What drives Desiree Cheng?

Cheng transformed herself from injury-prone recruit to UAAP Finals MVP to collegiate superstar in what feels like a snap of a finger.

Words By: Naveen Ganglani
Photos by Karl delos Santos and Judean Mari Tirazona

Desiree Cheng was using her left hand to relax the goose bumps standing out on her right arm. In front of her are a pair of cameras waiting to record what she has to say weeks before her DLSU Lady Spikers embark on a quest to win a fourth straight UAAP women’s volleyball title. The challenge ahead of them, although always daunting, holds a little more weight in 2019. 

After all, history is on the line. 

The past three years have been monumental for the leader of these young Lady Spikers. Through will and resiliency, Cheng transformed herself from injury-prone recruit to UAAP Finals MVP to collegiate superstar in what feels like a snap of a finger. No matter what happens in her fifth and final year of playing eligibility, Cheng will forever be one of the most popular student-athletes the university has ever had, and in a school with many standouts like De La Salle University, there’s no overstating how significant that is. 

So, what drives the 22-year-old to keep wearing green and white? 

While many of her peers have moved on to the next stages of their respective careers, Cheng opted for one last ride. A lot of people, both in and out of La Salle, wondered for months whether or not the veteran would make that choice. Once she did, the thought of La Salle making history became more realistic. 

No team in the Final Four era has won four straight women’s volleyball titles. La Salle has come close more than once in the past, but ultimately fell short each time. Ramil De Jesus, arguably the GOAT coach in Philippine volleyball, has the opportunity to add another legendary feat to his nearly spotless resume, and it’s no secret that with Cheng that becomes more reachable, mainly because what she brings to this team goes beyond her killer services that have haunted opposing teams for years. 

“If ever we get the championship, syempre that’s history, it’s history dito sa La Salle,” Cheng says with a smile on her face. “Sobrang nakaka-kababa na nakaka-excite na parang ang sarap sa feeling na maging part ako, if ever sana, hopefully talaga…”

That sentence stopped prematurely, as did the smile curving on her face. As human beings, it’s easy for us to get caught up in success and believe that once it takes place regularly, then it will consistently be around. Cheng, who’s had her fair share of trials and tribulations, knows better. She’s been through the heartbreaking defeats against Ateneo, and in some of those battles, was powerless to contribute due to injuries which threatened to derail her career before it really got going. 
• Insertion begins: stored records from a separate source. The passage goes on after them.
(* In the stratified setting below, define for each stratum $l$ the quantities $U_l^+,V_l^+,\eta_l^+,\nu_l^+$ and let $TE^+=\sum_{l=1}^L(U_l^+-\eta_l^+)$. If $TE^+\ge 1$, set for each $l$: $A_l=\min(U_l^+,\eta_l^+)$, $D_l=\min(\nu_l^+,V_l^+)$, $B_l=\min(U_l^+-A_l,\nu_l^+-D_l)$, $C_l=\min(\eta_l^+-A_l,V_l^+-D_l)$. If $TE^+<1$, set for each $l$: $B_l=\min(U_l^+,\nu_l^+)$, $C_l=\min(\eta_l^+,V_l^+)$. Then the maximum $\chi^+$ of $\chi(\mathbf a)$ over all feasible matchings equals $$\chi^+=\frac{\sum_{l=1}^L (B_l-C_l)-1}{\sqrt{\sum_{l=1}^L(B_l+C_l)+1}},$$ and it is attained by a feasible matching realizing these pair counts in each stratum.
   Context: Stratified setting: there are $L$ strata. In stratum $l$ there are $N_l^t$ treated and $N_l^c$ control units, each with a binary outcome; $U_l$ is the number of treated units with outcome 1, $V_l=N_l^t-U_l$ the number of treated units with outcome 0, $\eta_l$ the number of control units with outcome 1, $\nu_l=N_l^c-\eta_l$ the number of control units with outcome 0. Let $M_l=\min(N_l^t,N_l^c)$. A feasible matching $\mathbf a$ is a set of disjoint treated–control pairs, each pair lying within a single stratum, each unit in at most one pair, with exactly $M_l$ pairs in stratum $l$ for every $l$. For a matching, $B(\mathbf a)$ is the number of pairs whose treated unit has outcome 1 and control unit has outcome 0, $C(\mathbf a)$ the number of pairs whose treated unit has outcome 0 and control unit has outcome 1, and $\chi(\mathbf a)=\frac{B(\mathbf a)-C(\mathbf a)-1}{\sqrt{B(\mathbf a)+C(\mathbf a)+1}}$. Truncated counts: $G_l^-=\max(N_l^t-N_l^c,0)$, $G_l^+=\max(N_l^c-N_l^t,0)$, $U_l^+=U_l-\max(U_l-N_l^c,0)$, $V_l^+=M_l-U_l^+$, $\eta_l^+=\max(\eta_l-G_l^+,0)$, $\nu_l^+=M_l-\eta_l^+$. *)

theory Defs
  imports Complex_Main
begin

(* Setting: strata l < L (0-indexed). Stratum l has treated units i < Nt l with binary
   outcome yt l i, and control units j < Nc l with binary outcome yc l j.
   A matching is a set of triples (l,i,j): treated unit i of stratum l paired with
   control unit j of stratum l. *)

definition M :: "(nat \<Rightarrow> nat) \<Rightarrow> (nat \<Rightarrow> nat) \<Rightarrow> nat \<Rightarrow> nat" where
  "M Nt Nc l = min (Nt l) (Nc l)"

definition feasible_matching ::
  "nat \<Rightarrow> (nat \<Rightarrow> nat) \<Rightarrow> (nat \<Rightarrow> nat) \<Rightarrow> (nat \<times> nat \<times> nat) set \<Rightarrow> bool" where
  "feasible_matching L Nt Nc a \<longleftrightarrow>
     a \<subseteq> {(l,i,j). l < L \<and> i < Nt l \<and> j < Nc l} \<and>
     (\<forall>l i j j'. (l,i,j) \<in> a \<longrightarrow> (l,i,j') \<in> a \<longrightarrow> j = j') \<and>
     (\<forall>l i i' j. (l,i,j) \<in> a \<longrightarrow> (l,i',j) \<in> a \<longrightarrow> i = i') \<and>
     (\<forall>l<L. card {(i,j). (l,i,j) \<in> a} = M Nt Nc l)"

definition Bcount :: "(nat \<Rightarrow> nat \<Rightarrow> bool) \<Rightarrow> (nat \<Rightarrow> nat \<Rightarrow> bool) \<Rightarrow> (nat \<times> nat \<times> nat) set \<Rightarrow> nat" where
  "Bcount yt yc a = card {(l,i,j) \<in> a. yt l i \<and> \<not> yc l j}"

definition Ccount :: "(nat \<Rightarrow> nat \<Rightarrow> bool) \<Rightarrow> (nat \<Rightarrow> nat \<Rightarrow> bool) \<Rightarrow> (nat \<times> nat \<times> nat) set \<Rightarrow> nat" where
  "Ccount yt yc a = card {(l,i,j) \<in> a. \<not> yt l i \<and> yc l j}"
That’s why when asked about the immediate objective she needs to accomplish, her shy and gentle nature is replaced by a more serious and straightforward tone. 

“Iniisip ko lang [na] this year, personally, ako mismo, kailangan ko maging mature as a person,” she admits. “Hindi ko sila male-lead if hindi ako sa sarili ko, hindi ko kaya i-overcome yung mistakes ko sa loob ng court.”
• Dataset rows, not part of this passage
lemma nn_integral_exp_neg_abs_finite:
  fixes b :: real
  assumes b: "0 < b"
  shows "(\<integral>\<^sup>+t. ennreal (exp (- b * \<bar>t\<bar>)) \<partial>lborel) < \<infinity>"
proof -
  have total: "(\<integral>\<^sup>+t. ennreal (exponential_density b t) \<partial>lborel) = 1"
  proof -
    interpret prob_space "density lborel (exponential_density b)"
      using b by (rule prob_space_exponential_density)
    show ?thesis
      using emeasure_space_1 by (simp add: emeasure_density)
  qed
  have "(\<integral>\<^sup>+t. ennreal (exp (- b * \<bar>t\<bar>)) \<partial>lborel)
      \<le> (\<integral>\<^sup>+t. ennreal (1/b) * ennreal (exponential_density b t)
                + ennreal (1/b) * ennreal (exponential_density b (- t)) \<partial>lborel)"
  proof (intro nn_integral_mono)
    fix t :: real
    have "exp (- b * \<bar>t\<bar>) \<le> 1/b * exponential_density b t + 1/b * exponential_density b (- t)"
      using b by (cases "t < 0") (auto simp: exponential_density_def)
    then show "ennreal (exp (- b * \<bar>t\<bar>))
        \<le> ennreal (1/b) * ennreal (exponential_density b t) + ennreal (1/b) * ennreal (exponential_density b (- t))"
      using b by (simp add: ennreal_mult'[symmetric] ennreal_plus[symmetric] exponential_density_nonneg del: ennreal_plus)
  qed
  also have "\<dots> = ennreal (1/b) + ennreal (1/b)"
    using nn_integral_lborel_minus[of "\<lambda>t. ennreal (exponential_density b t)" 0]
    by (simp add: nn_integral_add nn_integral_cmult total)
  finally show ?thesis
    by (simp add: le_less_trans)
qed

lemma integrable_exp_neg_norm:
  fixes a :: real
  assumes a: "0 < a"
  shows "integrable (lborel :: (real^'n) measure) (\<lambda>x. exp (- a * norm x))"
proof (subst integrable_iff_bounded, safe)
  define b where "b = a / real CARD('n)"
  have b: "0 < b"
    using a by (simp add: b_def)
  have "(\<integral>\<^sup>+x. ennreal (norm (exp (- a * norm (x::real^'n)))) \<partial>lborel)
      \<le> (\<integral>\<^sup>+x. (\<Prod>i\<in>UNIV. ennreal (exp (- b * \<bar>(x::real^'n) $ i\<bar>))) \<partial>lborel)"
  proof (rule nn_integral_mono)
    fix x :: "real^'n"
    have "b * (\<Sum>i\<in>UNIV. \<bar>x $ i\<bar>) \<le> b * (\<Sum>i\<in>(UNIV::'n set). norm x)"
      using b by (intro mult_left_mono sum_mono) (auto simp: component_le_norm_cart)
    then have "exp (- a * norm x) \<le> exp (- b * (\<Sum>i\<in>UNIV. \<bar>x $ i\<bar>))"
      by (simp add: b_def)
    then show "ennreal (norm (exp (- a * norm x))) \<le> (\<Prod>i\<in>UNIV. ennreal (exp (- b * \<bar>x $ i\<bar>)))"
      by (simp add: prod_ennreal exp_sum[symmetric] sum_distrib_left sum_negf)
  qed
  also have "\<dots> = (\<integral>\<^sup>+t. exp (- b * \<bar>t\<bar>) \<partial>lborel) ^ CARD('n)"
    by (rule nn_integral_lborel_vec_prod) simp
  also have "\<dots> < \<infinity>"
    using nn_integral_exp_neg_abs_finite[OF b] by (simp add: power_less_top_ennreal)
  finally show "(\<integral>\<^sup>+x. ennreal (norm (exp (- a * norm (x::real^'n)))) \<partial>lborel) < \<infinity>" .
qed simp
She then asks, “Paano ko sila ma le-lead if ako mismo naiinis ako pag nagkakamali ako, nag ta-tantrums ako?”

Cheng, of course, is referring to the fact that more than half of La Salle’s roster is composed of student-athletes who have not been seasoned by the bright lights and pressure of the UAAP stage. As Season 81 progresses, so will the difficulties that the young Lady Spikers will have to face if this team is to defend its crown against opponents who are more than eager to take down La Salle. Just ask UP and UST, both of whom showed no hesitation in upsetting DLSU in the first round. 

The good news for Cheng is that she isn’t alone. Michelle Cobb, who played remarkable in her first year as DLSU’s full-time setter last season, is now in her junior year and will also provide guidance to her younger teammates. Ditto for girls like May Luna, Tim Tiamzon, Aduke Ogunsanya, and more. 
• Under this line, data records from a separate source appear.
(* Let $(\mathcal H,\mathfrak A_0)$ be a Hilbert quasi *-algebra with unit $e$. Then the set $\mathcal H_b$ of bounded elements coincides with the set of universal multipliers of $\mathcal H$, i.e. $\mathcal H_b=\{\xi\in\mathcal H:\ \eta\square\xi \text{ is defined for every }\eta\in\mathcal H\}=\{\xi\in\mathcal H:\ \xi\square\eta\text{ is defined for every }\eta\in\mathcal H\}$.
   Context: A Hilbert algebra is a *-algebra $\mathfrak A_0$ with an inner product $\langle\cdot,\cdot\rangle$ such that (i) for each $x$, $y\mapsto xy$ is continuous for the inner product norm; (ii) $\langle xy,z\rangle=\langle y,x^*z\rangle$ for all $x,y,z$; (iii) $\langle x,y\rangle=\langle y^*,x^*\rangle$ for all $x,y$; (iv) the linear span of $\{xy:x,y\in\mathfrak A_0\}$ is dense in $\mathfrak A_0$. Let $\mathcal H$ be the Hilbert space completion of $\mathfrak A_0$; the involution extends isometrically to $\mathcal H$, and the products $\xi x$, $x\xi$ for $\xi\in\mathcal H$, $x\in\mathfrak A_0$ are defined by continuity. It is assumed that (A): if $\xi\in\mathcal H$ and $\xi x=0$ for all $x\in\mathfrak A_0$ then $\xi=0$. With these operations $(\mathcal H,\mathfrak A_0)$ is a Banach quasi *-algebra, called a Hilbert quasi *-algebra. A unit is $e\in\mathfrak A_0$ with $\xi e=e\xi=\xi$ for all $\xi\in\mathcal H$. For $\xi\in\mathcal H$, $L_\xi$, $R_\xi$ are the operators with domain $\mathfrak A_0$ given by $L_\xi x=\xi x$, $R_\xi x=x\xi$. $\xi$ is a bounded element if $L_\xi$ is bounded on $\mathfrak A_0$ (equivalently, $R_\xi$ is bounded). $\mathcal H_b$ is the set of bounded elements. Weak multiplication: $\xi$ is a left multiplier of $\eta$ if there is $\zeta\in\mathcal H$ with $\langle\eta x,\xi^*y\rangle=\langle\zeta x,y\rangle$ for all $x,y\in\mathfrak A_0$; then $\xi\square\eta:=\zeta$. *)

theory Defs
  imports "HOL-Analysis.Analysis"
begin

text \<open>
  The Hilbert space H is modelled by a type 'h of class banach (complete normed space
  over the reals), equipped with a complex scalar multiplication compatible with the
  real one, and a complex inner product (linear in the first, conjugate-linear in the
  second argument) inducing the norm. The whole type is H.
  The multiplication mult is a total function, but only the values mult xi x and mult x xi
  with x in A0 are constrained (and meaningful).
\<close>

record 'h hqa_data =
  scC   :: "complex \<Rightarrow> 'h \<Rightarrow> 'h"
  ip    :: "'h \<Rightarrow> 'h \<Rightarrow> complex"
  inv   :: "'h \<Rightarrow> 'h"
  mult  :: "'h \<Rightarrow> 'h \<Rightarrow> 'h"
  alg0  :: "'h set"

definition complex_hilbert_space :: "('h::banach) hqa_data \<Rightarrow> bool" where
  "complex_hilbert_space S \<longleftrightarrow>
     (\<forall>a b x. scC S (a + b) x = scC S a x + scC S b x) \<and>
     (\<forall>a x y. scC S a (x + y) = scC S a x + scC S a y) \<and>
     (\<forall>a b x. scC S (a * b) x = scC S a (scC S b x)) \<and>
     (\<forall>x. scC S 1 x = x) \<and>
     (\<forall>r x. scC S (complex_of_real r) x = scaleR r x) \<and>
     (\<forall>x y z. ip S (x + y) z = ip S x z + ip S y z) \<and>
     (\<forall>a x y. ip S (scC S a x) y = a * ip S x y) \<and>
     (\<forall>x y. ip S y x = cnj (ip S x y)) \<and>
     (\<forall>x. 0 \<le> Re (ip S x x)) \<and>
     (\<forall>x. norm x = sqrt (Re (ip S x x)))"

text \<open>Hilbert quasi *-algebra (H, A0) obtained from a Hilbert algebra A0 with completion H,
  satisfying condition (A).\<close>

definition hilbert_quasi_star_algebra :: "('h::banach) hqa_data \<Rightarrow> bool" where
  "hilbert_quasi_star_algebra S \<longleftrightarrow>
     complex_hilbert_space S \<and>
     \<comment> \<open>A0 is a complex *-algebra\<close>
     0 \<in> alg0 S \<and>
     (\<forall>x\<in>alg0 S. \<forall>y\<in>alg0 S. x + y \<in> alg0 S) \<and>
     (\<forall>a. \<forall>x\<in>alg0 S. scC S a x \<in> alg0 S) \<and>
     (\<forall>x\<in>alg0 S. \<forall>y\<in>alg0 S. mult S x y \<in> alg0 S) \<and>
     (\<forall>x\<in>alg0 S. \<forall>y\<in>alg0 S. \<forall>z\<in>alg0 S. mult S (mult S x y) z = mult S x (mult S y z)) \<and>
     (\<forall>x\<in>alg0 S. inv S x \<in> alg0 S) \<and>
     (\<forall>x\<in>alg0 S. \<forall>y\<in>alg0 S. inv S (mult S x y) = mult S (inv S y) (inv S x)) \<and>
     \<comment> \<open>A0 is dense in H (H is its completion)\<close>
     closure (alg0 S) = UNIV \<and>
     \<comment> \<open>the involution on H: isometric conjugate-linear involutive extension\<close>
     (\<forall>\<xi> \<eta>. inv S (\<xi> + \<eta>) = inv S \<xi> + inv S \<eta>) \<and>
     (\<forall>a \<xi>. inv S (scC S a \<xi>) = scC S (cnj a) (inv S \<xi>)) \<and>
     (\<forall>\<xi>. inv S (inv S \<xi>) = \<xi>) \<and>
     (\<forall>\<xi>. norm (inv S \<xi>) = norm \<xi>) \<and>
     \<comment> \<open>products with an element of A0 on either side: bounded (bi)linear maps on H,
         i.e. the extensions by continuity of the products on A0\<close>
     (\<forall>x\<in>alg0 S. \<forall>\<xi> \<eta>. mult S (\<xi> + \<eta>) x = mult S \<xi> x + mult S \<eta> x) \<and>
     (\<forall>x\<in>alg0 S. \<forall>\<xi> \<eta>. mult S x (\<xi> + \<eta>) = mult S x \<xi> + mult S x \<eta>) \<and>
     (\<forall>x\<in>alg0 S. \<forall>a \<xi>. mult S (scC S a \<xi>) x = scC S a (mult S \<xi> x)) \<and>
     (\<forall>x\<in>alg0 S. \<forall>a \<xi>. mult S x (scC S a \<xi>) = scC S a (mult S x \<xi>)) \<and>
     (\<forall>x\<in>alg0 S. \<exists>C. \<forall>\<xi>. norm (mult S \<xi> x) \<le> C * norm \<xi>) \<and>
     (\<forall>x\<in>alg0 S. \<exists>C. \<forall>\<xi>. norm (mult S x \<xi>) \<le> C * norm \<xi>) \<and>
     \<comment> \<open>Hilbert algebra axioms (i)-(iv)\<close>
     (\<forall>x\<in>alg0 S. \<exists>C. \<forall>y\<in>alg0 S. norm (mult S x y) \<le> C * norm y) \<and>
     (\<forall>x\<in>alg0 S. \<forall>y\<in>alg0 S. \<forall>z\<in>alg0 S.
        ip S (mult S x y) z = ip S y (mult S (inv S x) z)) \<and>
     (\<forall>x\<in>alg0 S. \<forall>y\<in>alg0 S. ip S x y = ip S (inv S y) (inv S x)) \<and>
     (\<forall>x\<in>alg0 S. \<forall>\<epsilon>>0. \<exists>(n::nat) c a b. (\<forall>i<n. a i \<in> alg0 S \<and> b i \<in> alg0 S) \<and>
        norm (x - (\<Sum>i<n. scC S (c i) (mult S (a i) (b i)))) < \<epsilon>) \<and>
     \<comment> \<open>condition (A)\<close>
     (\<forall>\<xi>. (\<forall>x\<in>alg0 S. mult S \<xi> x = 0) \<longrightarrow> \<xi> = 0)"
“Nag-usap kami lahat na hindi ko kailangan angkinin lang yung burden or yung challenge or yung pressure, yung responsibilities,” says Cheng. “Mag tulong-tulungan kami lalo na kaming seniors talaga.”

Make no mistake about it, however: Cheng is the undisputed leader of this team. Her abilities on the court – on-point service aces, deadly cross-court attacks, steady floor defense – are complemented by her relentless pursuit to keep improving both as a volleyball player and person. It sometimes feels as if Cheng doesn’t see what many who watch the Lady Spikers unconditionally believe: that she is the prototype leader for a program as distinguished and accomplished as De La Salle’s. 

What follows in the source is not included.